June 4, 2023

KITAAB

Connecting Asian writers with global readers

Book review: Book of Prayers for the nonbeliever by Dibyajyoti Sarma

2 min read

Reviewed by Paresh Tiwari

book of prayers front and back

Title: Book of Prayers for the nonbeliever
Author: Dibyajyoti Sarma
Publisher: Red River (2018)
Pages: 128 (Paperback)
Price: INR 400

To read Dibyajyoti Sarma’s, Book of Prayers, is to see — in one’s own lifetime — the birth of a modern mongrel mythology, rendered skilfully on every page. Dibyajyoti’s poetry deftly fuses together bits from Mahabharata, ancient Assamese lore, and his own story. The terrain is one of love, loss and longing, and that in itself isn’t something new or particularly unique. What, however is, is his voice. Dibyajyoti’s poems are travellers. Brimming with symbolist images, the poems move deftly from deeply personal experiences to mysticism and fables, relentless in their pursuit of the self.

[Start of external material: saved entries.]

lemma algebraic_plus: "algebraic x \<Longrightarrow> algebraic y \<Longrightarrow> algebraic (x + y :: complex)"
  and algebraic_times: "algebraic x \<Longrightarrow> algebraic y \<Longrightarrow> algebraic (x * y :: complex)"
proof -
  interpret field complex_ring by (rule field_from_type_algebra)
  have "subring {x. Polynomial.algebraic x} complex_ring"
    using subfieldE(1)[OF subfield_of_algebraics[OF Rats_subfield_complex_ring]]
    by (simp add: algebraic_iff_algebraic_over_Rats over_def)
  from subringE(6,7)[OF this]
  show "Polynomial.algebraic x \<Longrightarrow> Polynomial.algebraic y \<Longrightarrow> Polynomial.algebraic (x + y)"
    and "Polynomial.algebraic x \<Longrightarrow> Polynomial.algebraic y \<Longrightarrow> Polynomial.algebraic (x * y)"
    by auto
qed

lemma algebraic_power: "algebraic x \<Longrightarrow> algebraic (x ^ n :: complex)"
  by (induction n) (auto intro: algebraic_times)

lemma algebraic_sum: "(\<And>i. i \<in> A \<Longrightarrow> algebraic (f i)) \<Longrightarrow> algebraic (\<Sum>i\<in>A. f i :: complex)"
  by (induction A rule: infinite_finite_induct) (auto intro: algebraic_plus)

lemma algebraic_sum_list:
  "(\<And>z. z \<in> set L \<Longrightarrow> algebraic (f z)) \<Longrightarrow> algebraic (\<Sum>z\<leftarrow>L. f z :: complex)"
  by (induction L) (auto intro: algebraic_plus)

lemma algebraic_power_imp_algebraic:
  assumes "algebraic ((z :: complex) ^ n)" "n > 0"
  shows "algebraic z"
proof (rule algebraic_root[OF assms(1)])
  show "poly (Polynomial.monom 1 n) z = z ^ n"
    by (simp add: poly_monom)
  show "\<forall>i. Polynomial.coeff (Polynomial.monom 1 n) i \<in> \<int>"
    by (simp add: coeff_monom)
  show "Polynomial.lead_coeff (Polynomial.monom (1 :: complex) n) = 1"
    and "Polynomial.degree (Polynomial.monom (1 :: complex) n) > 0"
    using assms(2) by (simp_all add: degree_monom_eq)
qed

definition croot :: "nat \<Rightarrow> complex \<Rightarrow> complex" where
  "croot n c = of_real (root n (norm c)) * cis (Arg c / n)"

lemma croot_power:
  assumes "n > 0"
  shows "croot n c ^ n = c"
proof -
  have "croot n c ^ n = of_real (root n (norm c) ^ n) * cis (Arg c)"
    unfolding of_real_power using assms by (simp add: croot_def power_mult_distrib DeMoivre)
  also have "root n (norm c) ^ n = norm c"
    using assms by simp
  finally show ?thesis
    by (cases "c = 0") (simp_all add: cis_Arg Complex.sgn_eq)
qed

lemma cis_root_of_unity_power_ne_1:
  fixes k n :: nat
  assumes "0 < k" "k < n"
  shows "cis (2 * pi / n) ^ k \<noteq> 1"
proof
  assume "cis (2 * pi / n) ^ k = 1"
  then have "cis (2 * pi * real k / real n) = cis (2 * pi * real 0 / real n)"
    by (simp add: DeMoivre mult.commute)
  moreover have "inj_on (\<lambda>k. cis (2 * pi * real k / real n)) {..<n}"
    using bij_betw_roots_unity[of n] assms by (simp add: bij_betw_def)
  ultimately show False
    using assms inj_onD[of "\<lambda>k. cis (2 * pi * real k / real n)" "{..<n}" k 0] by simp
qed

definition power_sum :: "complex list \<Rightarrow> nat \<Rightarrow> complex" where
  "power_sum L k = (\<Sum>z\<leftarrow>L. z ^ k)"

lemma power_sum_append [simp]: "power_sum (L @ M) k = power_sum L k + power_sum M k"
  by (simp add: power_sum_def)

lemma power_sum_rev [simp]: "power_sum (rev L) k = power_sum L k"
  by (simp add: power_sum_def flip: rev_map)

lemma power_sum_replicate_0 [simp]: "k \<ge> 1 \<Longrightarrow> power_sum (replicate m 0) k = 0"
  by (cases k) (simp_all add: power_sum_def sum_list_replicate)

lemma power_sum_map_upt: "power_sum (map f [1..<Suc m]) k = (\<Sum>i=1..m. f i ^ k)"
  by (simp add: power_sum_def atLeastLessThanSuc_atLeastAtMost del: upt_Suc
      flip: sum_set_upt_conv_sum_list_nat)

lemma algebraic_power_sum: "(\<And>z. z \<in> set L \<Longrightarrow> algebraic z) \<Longrightarrow> algebraic (power_sum L k)"
  unfolding power_sum_def by (intro algebraic_sum_list algebraic_power)

definition root_block :: "nat \<Rightarrow> complex \<Rightarrow> complex list" where
  "root_block n a = map (\<lambda>l. croot n (a / n) * cis (2 * pi / n) ^ l) [0..<n]"

lemma length_root_block [simp]: "length (root_block n a) = n"
  by (simp add: root_block_def)

lemma power_root_block:
  assumes "z \<in> set (root_block n a)"
  shows "z ^ n = a / n"
proof -
  obtain l where z: "z = croot n (a / n) * cis (2 * pi / n) ^ l" and "l \<in> {0..<n}"
    using assms unfolding root_block_def set_map set_upt by blast
  then have "n > 0" by simp
  have "z ^ n = croot n (a / n) ^ n * (cis (2 * pi / n) ^ n) ^ l"
    unfolding z by (simp add: power_mult_distrib flip: power_mult mult.commute)
  also have "cis (2 * pi / n) ^ n = 1"
    using \<open>n > 0\<close> by (simp add: DeMoivre)
  finally show ?thesis
    using croot_power[OF \<open>n > 0\<close>] by simp
qed

lemma algebraic_root_block:
  assumes "algebraic a" "z \<in> set (root_block n a)"
  shows "algebraic z"
proof (rule algebraic_power_imp_algebraic)
  show "algebraic (z ^ n)"
    using assms by (simp add: power_root_block divide_inverse algebraic_times algebraic_inverse)
  show "n > 0"
    using assms(2) by (auto simp: root_block_def)
qed
text \<open>v is mixed just before and just after the slide that cleans e2, and this slide moves a
searcher onto or off v; so a second searcher stays on v.\<close>
lemma doubly_guarded_middle_cleaning:
  assumes simple: "\<And>a b. {a, b} \<in> E \<Longrightarrow> a \<noteq> b"
    and cl: "cleans s1 e1" "cleans s2 e2" "cleans s3 e3" and order: "s1 < s2" "s2 < s3"
    and v: "v \<in> e1" "v \<in> e2" "v \<in> e3" and E: "e1 \<in> E" "e3 \<in> E"
  shows "doubly_guarded s2 v \<or> doubly_guarded (Suc s2) v"
proof -
  have s2: "s2 < n" and s3: "s3 < n" using cl unfolding cleans_def by auto
  have "e1 \<in> clean s2" "e3 \<notin> clean (Suc s2)"
    using cl(1,3) clean_mono[of "Suc s1" s2] clean_mono[of "Suc s2" s3] order s2 s3
    unfolding cleans_def by auto
  moreover have "clean s2 \<subseteq> clean (Suc s2)" using clean_Suc_mono[OF s2] .
  ultimately have mixed: "mixed s2 v" "mixed (Suc s2) v"
    unfolding mixed_def using v E by blast+
  obtain j a b where move: "e2 = {a, b}" "{a, b} \<in> E" "pos s2 j = Some a" "pos (Suc s2) j = Some b"
    "\<And>j'. j' \<noteq> j \<Longrightarrow> pos (Suc s2) j' = pos s2 j'"
    using cleaning_move[OF cl(2)] by metis
  have "a \<noteq> b" using simple move(2) .
  consider "v = a" | "v = b" using v(2) move(1) by blast
  then show ?thesis
  proof cases
    case 1
    obtain j' where "pos (Suc s2) j' = Some v" using mixed_guarded[OF _ mixed(2)] s2 by auto
    moreover have "j' \<noteq> j" using calculation move(4) 1 \<open>a \<noteq> b\<close> by auto
    ultimately show ?thesis
      unfolding doubly_guarded_def using mixed(1) move(3,5) 1 s2 by (metis less_imp_le)
  next
    case 2
    obtain j' where "pos s2 j' = Some v" using mixed_guarded[OF _ mixed(1)] s2 by auto
    moreover have "j' \<noteq> j" using calculation move(3) 2 \<open>a \<noteq> b\<close> by auto
    ultimately show ?thesis
      unfolding doubly_guarded_def using mixed(2) move(4,5) 2 s2 by (metis Suc_leI)
  qed
qed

Dibyajyoti opens the book with a warning where he candidly owns the reader, when he says – this book is about you, and me. In this one sentence, so seemingly innocent, he establishes a tone of confession – almost as if he and the reader are lovers – and it is this tone of confession that roots the book in a pursuit of truth. With this one line, which isn’t even a poem but a precursor relegated to a page before you dig your teeth into his work, he joins the pantheon of Walt Whitman, striking an intimate relationship with his reader. And we gladly hold his hand.

Book of Prayers is divided into five sections, the first four named after an element each and the last titled ‘An Unfinished Yantra for an Unnamed Personal God’. In each of these sections, Dibyajyoti shines a light on humanity, in all its messy, heartbreaking, soaring glory. He gets down into the soil of his roots, digging with his bare hands. His poetry deftly navigates the history of an entire community, touching briefly yet deeply, myriad subjects and themes – love, lust, longing, pain, memories, to name but a few. And he juxtaposes them with mythology known and unexplored, which reminds us that the universality of human emotion is not even a factor of time, and in this timeless saga, life germinates over the pages one ink blossom at a time.